Uiteindelijk werd Plessner in 1952 aan de universiteit van Göttingen benoemd tot hoogleraar sociologie. Dat hij daartoe een geheel nieuw sociologisch instituut moest oprichten, heeft er ongetwijfeld mede ertoe bijgedragen dat hij in tien jaar die hem nog restten tot zijn emeritaat geen grote nieuwe filosofische werken meer heeft geschreven. Daarbij zal ook meegespeeld hebben dat hij in deze periode diverse bestuurlijke posities bekleedde, zoals die van faculteitsdecaan, rector magnificus van de Göttingse universiteit en voorzitter van de Duitse Vereniging voor Sociologie. Ook leverde hij op uitnodiging van Adorno en Horkheimer een bijdrage aan het onderzoek op het Institut für Sozialforschung (de zogenaamde Frankfurter Schule). Na zijn emeritaat in 1962 was Plessner een jaar lang gasthoogleraar aan de New York School for Social Research, en van 1965 tot 1972 bekleedde hij zijn laatste academische positie als hoogleraar filosofie in Zürich. De laatste jaren van zijn leven verbleef hij opnieuw in Göttingen, waar hij in 1985 op tweeënnegentigjarige leeftijd overleed.

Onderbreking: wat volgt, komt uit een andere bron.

lemma fst_follow_iter:
  "v \<in> winning Ef \<Longrightarrow> fst ((follow Ef ^^ n) v) = reach tau (fst v) (map (plan Ef v) [0..<n])"
proof (induction n)
  case 0
  then show ?case by (simp add: reach_def)
next
  case (Suc n)
  then show ?case
    using choice_step(2)[OF follow_iter_winning[OF Suc.prems, of n]] by (simp add: reach_def plan_def)
qed

lemma plan_accepted:
  assumes "v \<in> winning Ef" and "snd v \<in> init (aut Ef)"
  shows "accepts_from Ef (fst v) (plan Ef v)"
  unfolding accepts_from_def nba_accepts_def
proof (intro exI[of _ "\<lambda>n. snd ((follow Ef ^^ n) v)"] conjI allI)
  show "snd ((follow Ef ^^ 0) v) \<in> init (aut Ef)" using assms(2) by simp
next
  fix n
  show "snd ((follow Ef ^^ Suc n) v) \<in> trans (aut Ef) (snd ((follow Ef ^^ n) v))
      (letter Ef (reach tau (fst v) (map (plan Ef v) [0..<n])) (plan Ef v n))"
    using choice_step(3)[OF follow_iter_winning[OF assms(1)]] fst_follow_iter[OF assms(1)]
    by (simp add: plan_def)
next
  show "\<exists>\<^sub>\<infinity>n. snd ((follow Ef ^^ n) v) \<in> accepting (aut Ef)"
    using buchi_choice_recurrent[OF assms(1)[unfolded winning_def]] unfolding follow_def choice_def by simp
qed

lemma winning_initial_exists:
  assumes "Ef \<in> Exs" and "holds t Ef"
  shows "\<exists>q. q \<in> init (aut Ef) \<and> (t, q) \<in> winning Ef"
proof -
  obtain es where es: "\<forall>j. es j \<subseteq> Ins" and "csem Ins (tree t) (body Ef) [] es"
    using assms Exs_E[OF assms(1)] unfolding holds_def by (metis csem.simps(10))
  then obtain r where r: "r 0 \<in> init (aut Ef)"
      "\<forall>n. r (Suc n) \<in> trans (aut Ef) (r n) (letter Ef (reach tau t (map es [0..<n])) (es n))"
      "\<exists>\<^sub>\<infinity>n. r n \<in> accepting (aut Ef)"
    using accepts_from_iff_csem[OF assms(1)] unfolding accepts_from_def nba_accepts_def by blast
  define vs where "vs n = (reach tau t (map es [0..<n]), r n)" for n
  have "is_path (prod_succ Ef) vs es"
    unfolding is_path_def prod_succ_def vs_def using r(2) es by (auto simp: reach_def)
  moreover have "\<exists>\<^sub>\<infinity>n. vs n \<in> {v. snd v \<in> accepting (aut Ef)}" using r(3) by (simp add: vs_def)
  ultimately have "vs 0 \<in> winning Ef" unfolding winning_def by (rule buchi_winning_suffix)
  then show ?thesis using r(1) by (auto simp: vs_def reach_def)
qed

definition slots :: "('a ctl \<times> 's) set" where
  "slots = Sigma Exs (\<lambda>Ef. states (aut Ef))"

definition fresh :: "'a ctl \<Rightarrow> nat \<Rightarrow> 's" where
  "fresh Ef t = (SOME q. q \<in> init (aut Ef) \<and> (t, q) \<in> winning Ef)"

definition covered :: "('a, 's) slot_memory \<Rightarrow> 'a ctl \<Rightarrow> nat \<Rightarrow> bool" where
  "covered m Ef t \<longleftrightarrow> (\<exists>r q. m (Ef, r) = Some q \<and> accepts_from Ef t (plan Ef (t, q)))"

definition needs_slot :: "('a, 's) slot_memory \<Rightarrow> 'a ctl \<Rightarrow> nat \<Rightarrow> bool" where
  "needs_slot m Ef t \<longleftrightarrow> Ef \<in> Exs \<and> holds t Ef \<and> \<not> covered m Ef t"

definition free_slot :: "('a, 's) slot_memory \<Rightarrow> 'a ctl \<Rightarrow> 's" where
  "free_slot m Ef = (SOME r. r \<in> states (aut Ef) \<and> m (Ef, r) = None)"

definition allocate :: "nat \<Rightarrow> ('a, 's) slot_memory \<Rightarrow> ('a, 's) slot_memory" where
  "allocate t m x =
     (if needs_slot m (fst x) t \<and> snd x = free_slot m (fst x) then Some (fresh (fst x) t) else m x)"

definition memory_inv :: "nat \<Rightarrow> ('a, 's) slot_memory \<Rightarrow> bool" where
  "memory_inv t m \<longleftrightarrow>
     (\<forall>x q. m x = Some q \<longrightarrow> x \<in> slots \<and> q \<in> states (aut (fst x)) \<and> (t, q) \<in> winning (fst x)) \<and>
     (\<forall>Ef r1 r2 q1 q2. m (Ef, r1) = Some q1 \<longrightarrow> m (Ef, r2) = Some q2 \<longrightarrow> r1 \<noteq> r2 \<longrightarrow>
        plan Ef (t, q1) \<noteq> plan Ef (t, q2))"

lemma memory_invD:
  assumes "memory_inv t m"
  shows "m x = Some q \<Longrightarrow> x \<in> slots" and "m x = Some q \<Longrightarrow> q \<in> states (aut (fst x))"
    and "m x = Some q \<Longrightarrow> (t, q) \<in> winning (fst x)"
    and "m (Ef, r1) = Some q1 \<Longrightarrow> m (Ef, r2) = Some q2 \<Longrightarrow> r1 \<noteq> r2 \<Longrightarrow>
      plan Ef (t, q1) \<noteq> plan Ef (t, q2)"
  using assms unfolding memory_inv_def by blast+

lemma fresh:
  assumes "Ef \<in> Exs" and "holds t Ef"
  shows "fresh Ef t \<in> init (aut Ef)" and "(t, fresh Ef t) \<in> winning Ef"
    and "accepts_from Ef t (plan Ef (t, fresh Ef t))"
proof -
  show "fresh Ef t \<in> init (aut Ef)" and winning: "(t, fresh Ef t) \<in> winning Ef"
    unfolding fresh_def using someI_ex[OF winning_initial_exists[OF assms]] by blast+
  with plan_accepted[OF winning] show "accepts_from Ef t (plan Ef (t, fresh Ef t))" by simp
qed

lemma free_slot:
  assumes inv: "memory_inv t m" and need: "needs_slot m Ef t"
  shows "free_slot m Ef \<in> states (aut Ef)" and "m (Ef, free_slot m Ef) = None"
proof -
  have Ef: "Ef \<in> Exs" "holds t Ef" "\<not> covered m Ef t" using need unfolding needs_slot_def by auto
  define Q where "Q = states (aut Ef)"
  have "\<exists>r\<in>Q. m (Ef, r) = None"
  proof (rule ccontr)
    assume occupied: "\<not> ?thesis"
    define f where "f r = the (m (Ef, r))" for r
    have f: "m (Ef, r) = Some (f r)" if "r \<in> Q" for r using occupied that f_def by auto
    have "f ` Q \<subseteq> Q" using memory_invD(2)[OF inv] f unfolding Q_def by fastforce
    moreover have "inj_on f Q" using memory_invD(4)[OF inv] f unfolding inj_on_def by metis
    ultimately have "f ` Q = Q" using endo_inj_surj automaton_wf(1)[OF Ef(1)] Q_def by blast
    moreover have "fresh Ef t \<in> Q" using fresh(1)[OF Ef(1,2)] automaton_wf(2)[OF Ef(1)] Q_def by blast
    ultimately obtain r where "r \<in> Q" "m (Ef, r) = Some (fresh Ef t)" using f by force
    then have "covered m Ef t" unfolding covered_def using fresh(3)[OF Ef(1,2)] by blast
    with Ef(3) show False by simp
  qed
  then show "free_slot m Ef \<in> states (aut Ef)" and "m (Ef, free_slot m Ef) = None"
    unfolding free_slot_def Q_def by (metis (mono_tags, lifting) someI_ex)+
qed

lemma allocate_keeps: "memory_inv t m \<Longrightarrow> m x = Some q \<Longrightarrow> allocate t m x = Some q"
  using free_slot(2)[of t m "fst x"] unfolding allocate_def by (cases x) auto

lemma covered_allocate:
  assumes "memory_inv t m" and "Ef \<in> Exs" and "holds t Ef"
  shows "covered (allocate t m) Ef t"
proof (cases "covered m Ef t")
  case True
  then show ?thesis using allocate_keeps[OF assms(1)] unfolding covered_def by metis
next
  case False
  then have "allocate t m (Ef, free_slot m Ef) = Some (fresh Ef t)"
    using assms unfolding allocate_def needs_slot_def by simp
  then show ?thesis unfolding covered_def using fresh(3)[OF assms(2,3)] by blast
qed

lemma allocate_Some:
  "allocate t m (Ef, r) = Some q \<Longrightarrow>
    m (Ef, r) = Some q \<or> needs_slot m Ef t \<and> r = free_slot m Ef \<and> q = fresh Ef t"
  unfolding allocate_def by (auto split: if_splits)

lemma plan_fresh_differs:
  assumes need: "needs_slot m Ef t" and q: "m (Ef, r) = Some q"
  shows "plan Ef (t, q) \<noteq> plan Ef (t, fresh Ef t)"
proof
  assume "plan Ef (t, q) = plan Ef (t, fresh Ef t)"
  with need fresh(3)[of Ef t] have "accepts_from Ef t (plan Ef (t, q))"
    unfolding needs_slot_def by simp
  with q have "covered m Ef t" unfolding covered_def by blast
  with need show False unfolding needs_slot_def by simp
qed

lemma memory_inv_allocate:
  assumes inv: "memory_inv t m"
  shows "memory_inv t (allocate t m)"
proof -
  have "x \<in> slots \<and> q \<in> states (aut (fst x)) \<and> (t, q) \<in> winning (fst x)"
    if "allocate t m x = Some q" for x q
  proof -
    obtain Ef r where x: "x = (Ef, r)" by fastforce
    from allocate_Some[OF that[unfolded x]] show ?thesis
    proof (elim disjE conjE)
      assume "m (Ef, r) = Some q"
      then show ?thesis using memory_invD(1-3)[OF inv] x by blast
    next
      assume need: "needs_slot m Ef t" and "r = free_slot m Ef" "q = fresh Ef t"
      then have Ef: "Ef \<in> Exs" "holds t Ef" unfolding needs_slot_def by auto
      then show ?thesis using free_slot(1)[OF inv need] fresh(1,2)[OF Ef] automaton_wf(2)[OF Ef(1)]
        unfolding slots_def x \<open>r = free_slot m Ef\<close> \<open>q = fresh Ef t\<close> by auto
    qed
  qed
  moreover have "plan Ef (t, q1) \<noteq> plan Ef (t, q2)"
    if "allocate t m (Ef, r1) = Some q1" "allocate t m (Ef, r2) = Some q2" "r1 \<noteq> r2" for Ef r1 r2 q1 q2
    using allocate_Some[OF that(1)] allocate_Some[OF that(2)]
  proof (elim disjE conjE)
    assume "m (Ef, r1) = Some q1" "m (Ef, r2) = Some q2"
    then show ?thesis using memory_invD(4)[OF inv] that(3) by blast
  next
    assume "m (Ef, r1) = Some q1" "needs_slot m Ef t" "q2 = fresh Ef t"
    then show ?thesis using plan_fresh_differs by blast
  next
    assume "needs_slot m Ef t" "q1 = fresh Ef t" "m (Ef, r2) = Some q2"
    then show ?thesis using plan_fresh_differs by metis
  next
    assume "r1 = free_slot m Ef" "r2 = free_slot m Ef"
    then show ?thesis using that(3) by simp
  qed
  ultimately show ?thesis unfolding memory_inv_def by blast
qed

definition advance :: "nat \<Rightarrow> ('a, 's) slot_memory \<Rightarrow> 'a set \<Rightarrow> ('a, 's) slot_memory" where
  "advance t m e x = (case m x of None \<Rightarrow> None
     | Some q \<Rightarrow> if fst (choice (fst x) (t, q)) = e then Some (snd (follow (fst x) (t, q))) else None)"

lemma advance_Some:
  "advance t m e x = Some q' \<longleftrightarrow>
     (\<exists>q. m x = Some q \<and> fst (choice (fst x) (t, q)) = e \<and> q' = snd (follow (fst x) (t, q)))"
  unfolding advance_def by (auto split: option.splits)

lemma advance_SomeE:
  assumes "memory_inv t m" and "advance t m e x = Some q'"
  obtains q where "m x = Some q" and "fst (choice (fst x) (t, q)) = e"
    and "follow (fst x) (t, q) = (tau t e, q')"
proof -
  from assms(2) obtain q where q: "m x = Some q" "fst (choice (fst x) (t, q)) = e"
    "q' = snd (follow (fst x) (t, q))" unfolding advance_Some by blast
  moreover have "follow (fst x) (t, q) = (tau t e, q')"
    using choice_step(2)[OF memory_invD(3)[OF assms(1) q(1)]] q(2,3) by (simp add: prod_eq_iff)
  ultimately show thesis using that by blast
qed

Wanneer je het leven van Plessner zo in vogelvlucht beschouwt, valt op dat hij door de politieke omstandigheden als emigrant en remigrant telkens weer gedwongen was zijn leven opnieuw te beginnen. Meerdere keren moest hij de levensjaren die hem ontstolen waren, proberen ‘in te halen’. In die zin leidde hij een Nachgeholtes Leben, zoals de Duitse titel van Dietze’s biografie het treffend formuleert. Dat er grenzen zijn aan een dergelijk ‘ingehaald leven’, blijkt uit het feit dat Plessner nooit is toegekomen aan de antropologische uitwerking van de Die Stufen des Organischen und der Mensch, waaraan hij in zijn brieven regelmatig refereert.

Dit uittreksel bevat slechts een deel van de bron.